Auf Grundlage der Oberflächenauswahlregeln und Abstandsabhängigkeit von SEIRA wurde die Orientierung und Lage der Peptide innerhalb der tBLM bestimmt. LL-37 inkorporierte horizontal mit dem N-Terminus in den hydrophoben Membranteil, LL-32 adsorbierte horizontal auf der hydrophilen Membranaußenseite, während LL-20 nicht mit dem System interagierte. Dieselbe Schlussfolgerung wurde aus MD Simulationen (300ns) gezogen, welche die zuvor beschriebene Bedeutung der Aminosäurereste 17-29 für die antimikrobielle Aktivität des LL-37 bestätigen. Diese Sequenz ist im Fall von LL-20 nicht intakt. Das AMP Alamethicin (ALM), aufgebaut aus einem a-helikalen N-Terminus und einer C-terminalen 3-10 -Helix, interagiert in Abhängigkeit des Transmembranpotentials mit Bakterienmembranen.
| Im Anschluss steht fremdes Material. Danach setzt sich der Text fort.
text \<open>Vertex set V_n: 2-element multisets {i,j}, represented by pairs (i,j) with i \<le> j < n.\<close>
definition Lverts :: "nat \<Rightarrow> (nat \<times> nat) set" where
  "Lverts n = {(i,j). i \<le> j \<and> j < n}"

definition L_adj :: "complex mat \<Rightarrow> nat \<times> nat \<Rightarrow> nat \<times> nat \<Rightarrow> bool" where
  "L_adj C u v \<longleftrightarrow> u \<noteq> v \<and>
     cinner (entrywise_prod (row C (fst u)) (row C (snd u)))
            (entrywise_prod (row C (fst v)) (row C (snd v))) = 0"

definition complex_hadamard :: "nat \<Rightarrow> complex mat \<Rightarrow> bool" where
  "complex_hadamard n M \<longleftrightarrow> M \<in> carrier_mat n n \<and> mat_adjoint M * M = 1\<^sub>m n \<and>
     (\<forall>i<n. \<forall>j<n. cmod (M $$ (i,j)) = 1 / sqrt (real n))"

definition mutually_unbiased :: "nat \<Rightarrow> complex mat \<Rightarrow> complex mat \<Rightarrow> bool" where
  "mutually_unbiased n M M' \<longleftrightarrow>
     (\<forall>k<n. \<forall>l<n. cmod (cinner (col M k) (col M' l)) = 1 / sqrt (real n))"

definition complete_MUH_system :: "nat \<Rightarrow> complex mat set \<Rightarrow> bool" where
  "complete_MUH_system n S \<longleftrightarrow> card S = n \<and> (\<forall>M\<in>S. complex_hadamard n M) \<and>
     (\<forall>M\<in>S. \<forall>M'\<in>S. M \<noteq> M' \<longrightarrow> mutually_unbiased n M M')"

end

theory Submission
  imports Defs
begin

(* Write M_r = diag(A e_r) H / sqrt n and X_{r,s,k,l} = n <col_k M_r | col_l M_s>
   = sum_t conj(a_tr) a_ts conj(h_tk) h_tl.  Each M_r is a complex Hadamard
   matrix, and {M_r} is a complete system of mutually unbiased Hadamards iff
   |X_{r,s,k,l}|^2 = n whenever r <> s.  The proof is a variance argument:
   (1) by orthogonality of the rows of H, sum_{k,l} |X_{r,s,k,l}|^2 = n^3;
   (2) expanding fourth powers, sum_{r,s,k,l} |X_{r,s,k,l}|^4 equals
       sum over ordered pairs of vertices v, v' of |G_A(v,v')|^2 |G_H(v,v')|^2,
       where G_C(v,v') is the inner product defining adjacency in L(C);
   (3) the diagonal terms (r = s, resp. v = v' as multisets) are known exactly,
       so sum_{r<>s} (|X|^2 - n)^2 equals the sum of |G_A|^2 |G_H|^2 over pairs
       of distinct vertices.  Both sides are sums of nonnegative terms, hence
       the system is mutually unbiased iff every pair of distinct vertices is
       adjacent in L(A) or in L(H). *)

lemma quartic_expand:
  fixes x :: "'a \<Rightarrow> complex"
  shows "(sum x T * cnj (sum x T))^2 =
    (\<Sum>t\<in>T. \<Sum>t'\<in>T. \<Sum>u\<in>T. \<Sum>u'\<in>T. x t * x t' * cnj (x u) * cnj (x u'))"
proof -
  have "(sum x T * cnj (sum x T))^2 = (sum x T * sum x T) * (cnj (sum x T) * cnj (sum x T))"
    by (simp add: power2_eq_square mult_ac)
  also have "\<dots> = (\<Sum>t\<in>T. \<Sum>t'\<in>T. x t * x t') * (\<Sum>u\<in>T. \<Sum>u'\<in>T. cnj (x u) * cnj (x u'))"
    by (simp only: sum_product cnj_sum)
  also have "\<dots> = (\<Sum>t\<in>T. \<Sum>t'\<in>T. \<Sum>u\<in>T. \<Sum>u'\<in>T. x t * x t' * (cnj (x u) * cnj (x u')))"
    unfolding sum_distrib_right unfolding sum_distrib_left ..
  finally show ?thesis by (simp only: mult.assoc)
qed
(* Let $p,q\ge0$ be integers and $a_1,\dots,a_p,b_1,\dots,b_q>0$, and let $$F(x)={}_pF_q(a_1,\dots,a_p;b_1,\dots,b_q;x)=1+\sum_{n=1}^\infty\frac{\prod_{k=1}^p(a_k,n)}{\prod_{k=1}^q(b_k,n)}\frac{x^n}{n!},$$ considered on $(-1,1)$ (assuming the series converges there, i.e. $p\le q+1$). Then: (1) If $p=q=0$, then $F(x)=e^x$, which is log-convex. (2) Let $p=q\ge1$. If $a_k\le b_k$ for each $k$, with at least one strict inequality, then $F$ is strictly log-convex on $(0,1)$. If $a_k\ge b_k$ for each $k$, with at least one strict inequality, then $F$ is strictly log-concave on $(0,1)$. (3) If $p>q$ and $a_k\le b_k$ for $k=1,\dots,q$, with at least one strict inequality, then $F$ is strictly log-convex on $(0,1)$. (4) If $1\le p<q$ and $a_k\ge b_k$ for $k=1,\dots,p$, with at least one strict inequality, then $F$ is strictly log-concave on $(0,1)$. (5) If $p=0$ and $q\ge1$, then $F$ is log-concave on $(0,1)$.
   Context: $(a,0)=1$ and $(a,n)=a(a+1)\cdots(a+n-1)$ for $n\ge1$. *)

theory Defs
  imports "HOL-Analysis.Analysis"
begin

text \<open>Generalized hypergeometric series pFq with parameters a 0, ..., a (p-1)
  and b 0, ..., b (q-1) (0-based indexing of the paper's a_1..a_p, b_1..b_q).
  The n = 0 term equals 1.\<close>
definition hypgeom :: "nat \<Rightarrow> nat \<Rightarrow> (nat \<Rightarrow> real) \<Rightarrow> (nat \<Rightarrow> real) \<Rightarrow> real \<Rightarrow> real" where
  "hypgeom p q a b x =
     (\<Sum>n. (\<Prod>k<p. pochhammer (a k) n) / (\<Prod>k<q. pochhammer (b k) n) * x ^ n / fact n)"

definition strict_convex_on :: "real set \<Rightarrow> (real \<Rightarrow> real) \<Rightarrow> bool" where
  "strict_convex_on S f \<longleftrightarrow> convex S \<and>
     (\<forall>x\<in>S. \<forall>y\<in>S. x \<noteq> y \<longrightarrow> (\<forall>t::real. 0 < t \<and> t < 1 \<longrightarrow>
        f ((1 - t) * x + t * y) < (1 - t) * f x + t * f y))"

definition strict_concave_on :: "real set \<Rightarrow> (real \<Rightarrow> real) \<Rightarrow> bool" where
  "strict_concave_on S f \<longleftrightarrow> strict_convex_on S (\<lambda>x. - f x)"

definition log_convex_on :: "real set \<Rightarrow> (real \<Rightarrow> real) \<Rightarrow> bool" where
  "log_convex_on S f \<longleftrightarrow> (\<forall>x\<in>S. f x > 0) \<and> convex_on S (\<lambda>x. ln (f x))"
definition log_concave_on :: "real set \<Rightarrow> (real \<Rightarrow> real) \<Rightarrow> bool" where
  "log_concave_on S f \<longleftrightarrow> (\<forall>x\<in>S. f x > 0) \<and> concave_on S (\<lambda>x. ln (f x))"
definition strict_log_convex_on :: "real set \<Rightarrow> (real \<Rightarrow> real) \<Rightarrow> bool" where
  "strict_log_convex_on S f \<longleftrightarrow> (\<forall>x\<in>S. f x > 0) \<and> strict_convex_on S (\<lambda>x. ln (f x))"
definition strict_log_concave_on :: "real set \<Rightarrow> (real \<Rightarrow> real) \<Rightarrow> bool" where
  "strict_log_concave_on S f \<longleftrightarrow> (\<forall>x\<in>S. f x > 0) \<and> strict_concave_on S (\<lambda>x. ln (f x))"

end

theory Submission
  imports Defs
begin

(* For F(x) = sum c_n x^n with c_n > 0 and radius of convergence at least 1, put
   rho_n = (n + 1) c_(n+1) / c_n. Comparing coefficients gives
     F(x) F'(y) - F'(x) F(y) = sum_(m<n) c_m c_n (rho_n - rho_m) (x^m y^n - x^n y^m),
   and the last factor is positive for 0 < x < y. So (ln F)' = F'/F is strictly increasing
   (decreasing) on (0,1) whenever rho is, and F is strictly log-convex (log-concave) there.
   For pFq, rho_n = prod (a_k + n) / prod (b_k + n). Pairing a_k with b_k, each quotient
   (a_k + n)/(b_k + n) is nondecreasing if a_k <= b_k and increasing if a_k < b_k, and the
   unpaired factors a_k + n are increasing; exchanging the a_k with the b_k inverts rho. *)

lemma strict_convex_on_realI:
  fixes f f' :: "real \<Rightarrow> real"
  assumes A: "convex A"
    and der: "\<And>x. x \<in> A \<Longrightarrow> (f has_real_derivative f' x) (at x)"
    and mono: "\<And>x y. x \<in> A \<Longrightarrow> y \<in> A \<Longrightarrow> x < y \<Longrightarrow> f' x < f' y"
  shows "strict_convex_on A f"
proof -
  have chord: "f ((1 - t) * x + t * y) < (1 - t) * f x + t * f y"
    if x: "x \<in> A" and y: "y \<in> A" and "x < y" "0 < t" "t < 1" for x y t
  proof -
    define z where "z = (1 - t) * x + t * y"
    have zx: "z - x = t * (y - x)" and yz: "y - z = (1 - t) * (y - x)"
      by (simp_all add: z_def algebra_simps)
    have "0 < z - x" "0 < y - z"
      unfolding zx yz using that by simp_all
    then have "x < z" "z < y" by simp_all
    have between: "w \<in> A" if "x \<le> w" "w \<le> y" for w
      using A x y that by (intro mem_is_interval_1_I[of A x y w]) (simp_all add: is_interval_convex_1)
    have der': "DERIV f w :> f' w" if "x \<le> w" "w \<le> y" for w
      using der between that by blast
    obtain \<xi> where \<xi>: "x < \<xi>" "\<xi> < z" "f z - f x = (z - x) * f' \<xi>"
      using MVT2[OF \<open>x < z\<close>, of f f'] der' \<open>z < y\<close> by force
    obtain \<eta> where \<eta>: "z < \<eta>" "\<eta> < y" "f y - f z = (y - z) * f' \<eta>"
      using MVT2[OF \<open>z < y\<close>, of f f'] der' \<open>x < z\<close> by force
    have "f' \<xi> < f' \<eta>"
      using mono between \<xi> \<eta> by simp
    have "(1 - t) * f x + t * f y - f z = t * (f y - f z) - (1 - t) * (f z - f x)"
      by (simp add: algebra_simps)
    also have "\<dots> = t * (1 - t) * (y - x) * (f' \<eta> - f' \<xi>)"
      unfolding \<xi>(3) \<eta>(3) zx yz by (simp add: algebra_simps)
    also have "\<dots> > 0"
      using that \<open>f' \<xi> < f' \<eta>\<close> by simp
    finally show ?thesis unfolding z_def by simp
  qed
  show ?thesis
    unfolding strict_convex_on_def
  proof (intro conjI A ballI impI allI)
    fix x y t :: real assume "x \<in> A" "y \<in> A" "x \<noteq> y" and t: "0 < t \<and> t < 1"
    show "f ((1 - t) * x + t * y) < (1 - t) * f x + t * f y"
    proof (cases "x < y")
      case True
      then show ?thesis using chord \<open>x \<in> A\<close> \<open>y \<in> A\<close> t by blast
    next
      case False
      then have "y < x" using \<open>x \<noteq> y\<close> by simp
      from chord[OF \<open>y \<in> A\<close> \<open>x \<in> A\<close> this, of "1 - t"] t show ?thesis
        by (simp add: algebra_simps)
    qed
  qed
qed

lemma convex_on_if_strict_convex_on:
  fixes f :: "real \<Rightarrow> real"
  assumes "strict_convex_on A f"
  shows "convex_on A f"
proof (rule convex_onI)
  show "convex A" using assms unfolding strict_convex_on_def by simp
  fix t x y :: real assume t: "0 < t" "t < 1" and "x \<in> A" "y \<in> A"
  show "f ((1 - t) *\<^sub>R x + t *\<^sub>R y) \<le> (1 - t) * f x + t * f y"
  proof (cases "x = y")
    case True
    then show ?thesis by (simp add: algebra_simps)
  next
    case False
    with assms t \<open>x \<in> A\<close> \<open>y \<in> A\<close> have "f ((1 - t) * x + t * y) < (1 - t) * f x + t * f y"
      unfolding strict_convex_on_def by blast
    then show ?thesis by simp
  qed
qed

lemma log_concave_on_if_strict_log_concave_on:
  "strict_log_concave_on A f \<Longrightarrow> log_concave_on A f"
  unfolding strict_log_concave_on_def log_concave_on_def strict_concave_on_def concave_on_def
  by (simp add: convex_on_if_strict_convex_on)

lemma sum_mult_sum_antisym:
  fixes u v :: "nat \<Rightarrow> 'a::comm_ring_1"
  shows "(\<Sum>m<N. u m * x^m) * (\<Sum>n<N. v n * y^n) - (\<Sum>m<N. u m * y^m) * (\<Sum>n<N. v n * x^n)
    = (\<Sum>n<N. \<Sum>m<n. (u m * v n - u n * v m) * (x^m * y^n - x^n * y^m))"
proof (induction N)
  case 0
  then show ?case by simp
next
  case (Suc N)
  have "(\<Sum>m<N. (u m * v N - u N * v m) * (x^m * y^N - x^N * y^m))
     = v N * y^N * (\<Sum>m<N. u m * x^m) - v N * x^N * (\<Sum>m<N. u m * y^m)
       - u N * y^N * (\<Sum>m<N. v m * x^m) + u N * x^N * (\<Sum>m<N. v m * y^m)"
    by (simp add: sum_distrib_left sum_subtractf sum.distrib algebra_simps)
  with Suc.IH show ?case by (simp add: algebra_simps)
qed

lemma power_mult_power_less:
  fixes x y :: "'a::linordered_semidom"
  assumes "0 < x" "x < y" "m < n"
  shows "x^n * y^m < x^m * y^n"
proof -
  obtain k where n: "n = m + Suc k" using \<open>m < n\<close> less_iff_Suc_add by auto
  have "x^Suc k < y^Suc k" using assms by (intro power_strict_mono) auto
  then have "(x^m * y^m) * x^Suc k < (x^m * y^m) * y^Suc k"
    using assms by (intro mult_strict_left_mono) auto
  then show ?thesis unfolding n power_add by (simp add: ac_simps)
qed

locale pos_power_series =
  fixes c :: "nat \<Rightarrow> real"
  assumes coeff_pos: "\<And>n. 0 < c n"
    and summable_coeff: "\<And>z. norm z < 1 \<Longrightarrow> summable (\<lambda>n. c n * z ^ n)"
begin

definition S :: "real \<Rightarrow> real" where "S z = (\<Sum>n. c n * z ^ n)"
definition S' :: "real \<Rightarrow> real" where "S' z = (\<Sum>n. diffs c n * z ^ n)"
definition \<rho> :: "nat \<Rightarrow> real" where "\<rho> n = diffs c n / c n"

lemma S_pos:
  assumes "0 \<le> x" "x < 1"
  shows "0 < S x"
  unfolding S_def
proof (rule suminf_pos2[where i = 0])
  show "summable (\<lambda>n. c n * x ^ n)" using assms by (intro summable_coeff) simp
  show "0 \<le> c n * x ^ n" for n using assms coeff_pos[of n] by simp
  show "0 < c 0 * x ^ 0" using coeff_pos[of 0] by simp
qed

lemma summable_diffs: "norm z < 1 \<Longrightarrow> summable (\<lambda>n. diffs c n * z ^ n)"
  by (rule termdiff_converges[OF _ summable_coeff])

lemma has_real_derivative_S: "norm z < 1 \<Longrightarrow> (S has_real_derivative S' z) (at z)"
  unfolding S_def[abs_def] S'_def by (rule termdiffs_strong'[OF summable_coeff])

lemma has_real_derivative_ln_S:
  "0 \<le> x \<Longrightarrow> x < 1 \<Longrightarrow> ((\<lambda>x. ln (S x)) has_real_derivative S' x / S x) (at x)"
  using S_pos has_real_derivative_S[of x] by (auto intro!: derivative_eq_intros)

lemma cross_difference_sums:
  assumes "norm x < 1" "norm y < 1"
  shows "(\<lambda>n. \<Sum>m<n. c m * c n * (\<rho> n - \<rho> m) * (x^m * y^n - x^n * y^m))
           sums (S x * S' y - S y * S' x)"
proof -
  have coeff_cross: "c m * diffs c n - c n * diffs c m = c m * c n * (\<rho> n - \<rho> m)" for m n
    using coeff_pos[of m] coeff_pos[of n] by (simp add: \<rho>_def field_simps)
  have "(\<lambda>N. (\<Sum>m<N. c m * x^m) * (\<Sum>n<N. diffs c n * y^n)
             - (\<Sum>m<N. c m * y^m) * (\<Sum>n<N. diffs c n * x^n))
        \<longlonglongrightarrow> S x * S' y - S y * S' x"
    unfolding S_def S'_def using assms
    by (intro tendsto_diff tendsto_mult summable_LIMSEQ summable_coeff summable_diffs)
  then show ?thesis
    unfolding sums_def sum_mult_sum_antisym coeff_cross .
qed

lemma cross_difference_pos:
  assumes "norm x < 1" "norm y < 1"
    and pos: "\<And>m n. m < n \<Longrightarrow> 0 < (\<rho> n - \<rho> m) * (x^m * y^n - x^n * y^m)"
  shows "0 < S x * S' y - S y * S' x"
proof -
  define T where "T m n = c m * c n * ((\<rho> n - \<rho> m) * (x^m * y^n - x^n * y^m))" for m n
  have T_pos: "0 < T m n" if "m < n" for m n
    unfolding T_def by (intro mult_pos_pos coeff_pos pos that)
  have sums: "(\<lambda>n. \<Sum>m<n. T m n) sums (S x * S' y - S y * S' x)"
    using cross_difference_sums[OF assms(1,2)] unfolding T_def mult.assoc .
  have "0 < (\<Sum>n. \<Sum>m<n. T m n)"
  proof (rule suminf_pos2)
    show "summable (\<lambda>n. \<Sum>m<n. T m n)" using sums by (rule sums_summable)
    show "0 \<le> (\<Sum>m<n. T m n)" for n using T_pos by (intro sum_nonneg) (simp add: less_imp_le)
    show "0 < (\<Sum>m<1. T m 1)" using T_pos by simp
  qed
  with sums show ?thesis by (simp add: sums_iff)
qed

lemma log_deriv_less_iff:
  assumes "0 \<le> x" "x < 1" "0 \<le> y" "y < 1"
  shows "S' x / S x < S' y / S y \<longleftrightarrow> 0 < S x * S' y - S y * S' x"
  using S_pos[OF assms(1,2)] S_pos[OF assms(3,4)] by (simp add: divide_less_eq less_divide_eq ac_simps)

lemma log_deriv_strict_mono:
  assumes "strict_mono \<rho>" "0 < x" "x < y" "y < 1"
  shows "S' x / S x < S' y / S y"
proof -
  have "0 < (\<rho> n - \<rho> m) * (x^m * y^n - x^n * y^m)" if "m < n" for m n
    using strict_monoD[OF assms(1) that] power_mult_power_less[OF assms(2,3) that] by simp
  with assms have "0 < S x * S' y - S y * S' x"
    by (intro cross_difference_pos) auto
  with assms show ?thesis
    by (subst log_deriv_less_iff) auto
qed

lemma log_deriv_strict_antimono:
  assumes "strict_antimono_on UNIV \<rho>" "0 < x" "x < y" "y < 1"
  shows "S' y / S y < S' x / S x"
proof -
  have "0 < (\<rho> n - \<rho> m) * (y^m * x^n - y^n * x^m)" if "m < n" for m n
  proof (rule mult_neg_neg)
    show "\<rho> n - \<rho> m < 0" using monotone_onD[OF assms(1) _ _ that] by simp
    show "y^m * x^n - y^n * x^m < 0"
      using power_mult_power_less[OF assms(2,3) that] by (simp add: mult.commute)
  qed
  with assms have "0 < S y * S' x - S x * S' y"
    by (intro cross_difference_pos) auto
  with assms show ?thesis
    by (subst log_deriv_less_iff) auto
qed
Unter Nutzung einer tBLM (POPC:POPG) wurde eine potentialabhängige SEIRA-Studie mit Dichtefunktionstheorie (DFT) Rechnungen kombiniert, um ein kinetisches Model der Integration von ALM in Membranen zu beschreiben. Das Peptid inkorporiert nach Adsorption mit Hilfe des N-Terminus in die Doppelmembran. Dies führt zu einer Reorientierung bezüglich der Oberflächennormalen von einem Winkel von 78° - 69° in der horizontal adsobierten Form hin zu 21° im inkorporierten Zustand. Als Teil der Atmungskette koppelt der bakterielle Complex I (CpI) den Elektronentransfer zwischen Nicotinamidadenindinukleotid (NADH) und Ubichinon resultierend in einer Oxidation bzw. Reduktion. Die darauf folgende Protonenübertragung über die Bakterienmembran hat eine wichtige Funktion für die Energiebereitstellung der Bakterienzelle. CpI wurde in ein Lipidmembransystem inkorporiert, das auf einer selbstassemblierten Monolage aus (de)protonierbarem 4-Aminothiophenol (4-ATP), einem POPC:POPA Lipidgemisch und Ubichinon zusammengesetzt ist. Neben seiner Funktion als Linker- Molekül, dient 4-ATP ebenso als pH Sensor, wie ergänzende DFT Rechnungen bestätigten. Somit wurde die Protonentranslokation über die Membran mittels des Protonierungsgrades von 4-ATP in zwei komplementären Ansätzen abhängig von der Proteinorientierung ermittelt. Die induzierte Änderung des Quotienten der Amid I/Amid II Bandenintensität zeigte katalytische Konformationsänderungen, die eine mögliche Bewegung von Transmembranhelices oder anderer Sekundärstrukturelemente einschließen.